France in Ferment as People
Demand Sweeping Changes

(September 1944)


From Labor Action, Vol. 8 No. 38, 18 September 1944, p. 4.
Transcribed & marked up by Einde O’ Callaghan for the Encyclopaedia of Trotskyism On-Line (ETOL).


The news from France is still too sparse and inconclusive to offer any definite picture of what is actually happening in the country. But several important facts are clear and well known. France is sharply divided between the de Gaullist forces organized outside of the country, the French underground and its armed detachments in the French Forces of the Interior, and the former collaborationist elements. These divisions, however, are not merely national divisions over matters of policy pursued prior to the Allied invasion of France and the subsequent expulsion of the Germans. They not only reflect the deep desires of the French people for their national independence from a foreign oppressor, an oppressor which united the French masses in a common struggle, but they also reflect the sharp struggles between the classes in France.

Behind the fact that the masses never ceased to fight against German occupation and French collaborationists is the additional fact that they were fighting against the “old order of things.” With good instincts, the French people, especially the French working class, recognized that the defeat of France was to be placed where the real blame lay: on the French ruling class, the financiers and industrialists who preferred Hitler to the rule of the French working class and peasantry.

The French people knew that their capitalist class played ball with Hitler before the defeat, as well as after, rejoicing in the fact that the defeat and occupation of the country by the fascist scum temporarily destroyed the French labor movement, the trade unions and the political organizations of the working class.

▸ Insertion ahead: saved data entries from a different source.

lemma forb_label_image_indep_iff:
  assumes dist: "distinct [l, p1, p2, c]" and X: "X \<subseteq> {l, p1, p2, c}"
  shows "forb_label l p1 p2 ` X \<in> forb_indep \<longleftrightarrow> l \<notin> X \<and> \<not> (p1 \<in> X \<and> p2 \<in> X)"
proof -
  let ?f = "forb_label l p1 p2"
  have bij: "bij_betw ?f {l, p1, p2, c} forb_ground" using bij_betw_forb_label[OF dist] .
  have inj: "inj_on ?f {l, p1, p2, c}" using bij by (rule bij_betw_imp_inj_on)
  have f: "?f l = Inl 0" "?f p1 = Inr (Inl 0)" "?f p2 = Inr (Inl 1)"
    using dist by (auto simp: forb_label_def)
  have "?f ` X \<subseteq> forb_ground" using bij X bij_betw_imp_surj_on by blast
  moreover have "Inl 0 \<in> ?f ` X \<longleftrightarrow> l \<in> X" "Inr (Inl 0) \<in> ?f ` X \<longleftrightarrow> p1 \<in> X"
    "Inr (Inl 1) \<in> ?f ` X \<longleftrightarrow> p2 \<in> X"
    using inj_on_image_mem_iff[OF inj _ X, of l] inj_on_image_mem_iff[OF inj _ X, of p1]
      inj_on_image_mem_iff[OF inj _ X, of p2] f by simp_all
  ultimately show ?thesis by (simp add: forb_indep_iff)
qed

context fin_matroid
begin

lemma rank_empty: "rk {} = 0"
  using rank_le_card[of "{}"] by simp

lemma basis_insert_dep: "basis A B \<Longrightarrow> x \<in> A \<Longrightarrow> x \<notin> B \<Longrightarrow> insert x B \<notin> I"
  using card_le_rank[of "insert x B" A] finite_indep unfolding basis_def by fastforce

lemma minor_indep_iff_Un_indep:
  assumes Y: "Y \<in> I" and X: "X \<subseteq> E - (Y \<union> D)"
  shows "X \<in> minor_indep E I Y D \<longleftrightarrow> X \<union> Y \<in> I"
proof -
  have "card (X \<union> Y) = card X + card Y"
    using X finite_indep[OF Y] finite_subset_ground[of X] by (intro card_Un_disjoint) auto
  then have "X \<in> minor_indep E I Y D \<longleftrightarrow> rk (X \<union> Y) = card (X \<union> Y)"
    using X rank_indep[OF Y] unfolding minor_indep_def by auto
  also have "\<dots> \<longleftrightarrow> X \<union> Y \<in> I"
    using indep_iff_rank[of "X \<union> Y"] X indep_subset_ground[OF Y] by auto
  finally show ?thesis .
qed

text \<open>Contracting \<open>Y\<close> and deleting everything outside \<open>{l, p1, p2, c}\<close> leaves the loop \<open>l\<close>,
  the parallel pair \<open>p1, p2\<close> and the coloop \<open>c\<close>.\<close>

lemma not_elementary_splitI:
  assumes Y: "Y \<in> I" and S: "{l, p1, p2, c} \<subseteq> E - Y" and dist: "distinct [l, p1, p2, c]"
    and loop: "insert l Y \<notin> I" and parallel: "insert p1 (insert p2 Y) \<notin> I"
    and indep1: "insert p1 (insert c Y) \<in> I" and indep2: "insert p2 (insert c Y) \<in> I"
  shows "\<not> elementary_split E I"
proof -
  define D where "D = E - Y - {l, p1, p2, c}"
  have SE: "E - (Y \<union> D) = {l, p1, p2, c}" using S unfolding D_def by blast
  have "X \<in> minor_indep E I Y D \<longleftrightarrow> forb_label l p1 p2 ` X \<in> forb_indep"
    if X: "X \<subseteq> {l, p1, p2, c}" for X
  proof -
    have "X \<in> minor_indep E I Y D \<longleftrightarrow> X \<union> Y \<in> I"
      using minor_indep_iff_Un_indep Y X SE by blast
    also have "\<dots> \<longleftrightarrow> l \<notin> X \<and> \<not> (p1 \<in> X \<and> p2 \<in> X)"
    proof
      assume "X \<union> Y \<in> I"
      then show "l \<notin> X \<and> \<not> (p1 \<in> X \<and> p2 \<in> X)"
        using indep_subset loop parallel by (meson insert_subset sup_ge1 sup_ge2 subset_iff)
    next
      assume "l \<notin> X \<and> \<not> (p1 \<in> X \<and> p2 \<in> X)"
      then have "X \<union> Y \<subseteq> insert p1 (insert c Y) \<or> X \<union> Y \<subseteq> insert p2 (insert c Y)"
        using X by blast
      then show "X \<union> Y \<in> I" using indep_subset indep1 indep2 by blast
    qed
    finally show ?thesis using forb_label_image_indep_iff[OF dist X] by simp
  qed
  then have "miso (E - (Y \<union> D)) (minor_indep E I Y D) forb_ground forb_indep"
    unfolding miso_def SE using bij_betw_forb_label[OF dist] by blast
  moreover have "Y \<subseteq> E" "D \<subseteq> E" "Y \<inter> D = {}" using indep_subset_ground[OF Y] unfolding D_def by auto
  ultimately show ?thesis unfolding elementary_split_def by blast
qed

section \<open>Cuspidal matroids are determined by one cyclic flat\<close>

lemma cyclic_basis_exchange:
  assumes Z: "cyclic E I Z" and B: "basis Z B" and p: "p \<in> B"
  obtains q where "q \<in> Z" "q \<notin> B" "basis Z (insert q (B - {p}))"
proof -
  define Y where "Y = B - {p}"
  have BI: "B \<in> I" "B \<subseteq> Z" "card B = rk Z" using B unfolding basis_def by auto
  have YI: "Y \<in> I" using indep_subset[OF BI(1)] unfolding Y_def by blast
  have "0 < card B" using p finite_indep[OF BI(1)] card_gt_0_iff by blast
  then have card_Y: "Suc (card Y) = rk Z" using BI(3) p finite_indep[OF BI(1)] unfolding Y_def
    by simp
  have "Y \<subseteq> Z - {p}" using BI(2) unfolding Y_def by blast
  then obtain J where J: "basis (Z - {p}) J" "Y \<subseteq> J" using basis_extend[OF YI] by blast
  have "rk (Z - {p}) = rk Z" using rank_remove_cyclic[OF Z, of p] p BI(2) by blast
  then have J': "J \<in> I" "J \<subseteq> Z - {p}" "card J = rk Z" using J(1) unfolding basis_def by auto
  then have "\<not> J \<subseteq> Y" using card_Y card_mono[OF finite_indep[OF YI], of J] by auto
  then obtain q where q: "q \<in> J" "q \<notin> Y" by blast
  have "insert q Y \<in> I" using indep_subset[OF J'(1)] J(2) q(1) by blast
  moreover have "card (insert q Y) = rk Z" using card_Y q(2) finite_indep[OF YI] by simp
  moreover have "insert q Y \<subseteq> Z" using J'(2) J(2) q(1) by blast
  ultimately have "basis Z (insert q Y)" unfolding basis_def by blast
  moreover have "q \<in> Z" "q \<notin> B" using J'(2) q unfolding Y_def by auto
  ultimately show ?thesis using that unfolding Y_def by blast
qed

Not only that, the French workers today do not want a return to the conditions that existed before the war. They may not know exactly what they want in the same sense as class-conscious socialists who seek the abolition of capitalism and the establishment of a system of production for use. But they do know that they will not accept a return to the long working day, the miserable working conditions that prevailed in the country, the years of unemployment, poverty and war.

They saw some of their bosses run to all four corners of the earth when the Germans came. They know that the big business men who remained in the country when the Germans came, collaborated with the Nazis against the French people, thus insuring for themselves continued operation of their factories – and profits.
 

Preserving “Order”

Therefore when the capitalist press talks about preserving “order” in France, they mean to keep the French workers from asserting their desires and demands. The Allies have made it plain to de Gaulle that he will receive their support only to the extent that he maintains this order and keeps the working class in check.

In check? What does that mean? It means to keep the workers from taking the factories, from asserting their full democratic rights. It means liquidating the Forces of the Interior, who fought so valiantly against the Nazis and who threaten to fight valiantly in behalf of the French masses.

We are now told that the FFI has weapons, that is composed of young, heroic men who know that they were the ones who stayed at home, braved the occupation of the Germans and never ceased the struggle for freedom. For this, the underground and the FFI demand priority in all considerations and deliberations concerning France, and demand that the “exiles” take second place. They don’t want the ruling class element who ran France into the ground to return and pick up where they left off. They want a say in the affairs of the nation, they want to direct them, and no one has a better right to this than the workers of the country.
 

The New Struggle Begins

But already the struggle inside the country is beginning. The press reports that the workers have seized plants when owners and directors fled as the Allied armies and the FFI made their appearance. In some instances there is no ruling force except the workers, and they have taken charge of the factories. This is exactly what the Workers Party predicted would happen. Allied policy is to prevent any social change which would leave the economy in the hands of labor. They want to insure ownership and control of the economy to the French capitalist class.

The French working class, however, is demanding guarantees of work, decent conditions, advanced social legislation, placing economic burdens on the backs of the French ruling class and the right to determine the economic life of the country.

Where will this conflict end? It is difficult to say now. We are only at the beginning of a great new struggle for freedom. The French workers are still in a state of disorganization. Those parties which do exist, like the French Socialist Party and the Communist Party, offer no hope to the French masses. On the contrary, they are preparing now to hand the workers over to the mercy of the old system and the old rulers. Their policies in France are the same as in other countries: work with the capitalist class, establish “law and order” and return to the good old days when they were “loyal oppositions” fighting for a few crumbs for the workers.

But they will not be able to halt the struggle of the masses for a fundamental change in the social order so as to guarantee them security, peace and freedom. Up to now there is no evidence whatever that these three desires and necessities of the French people can or will be realized under Allied rule, a de Gaullist government or from the existing reformist Socialist Party, or the Russian-controlled Communist Party. They all stand for capitalism and the old system.

What is needed in France is a new organization, a revolutionary socialist party which will carry forward the struggle for real freedom, real security, real peace through workers’ rule and the construction of a socialist economy of equality. This struggle will go on as surely as the world turns. The real hope of France, as of all of Europe, lies only in this direction.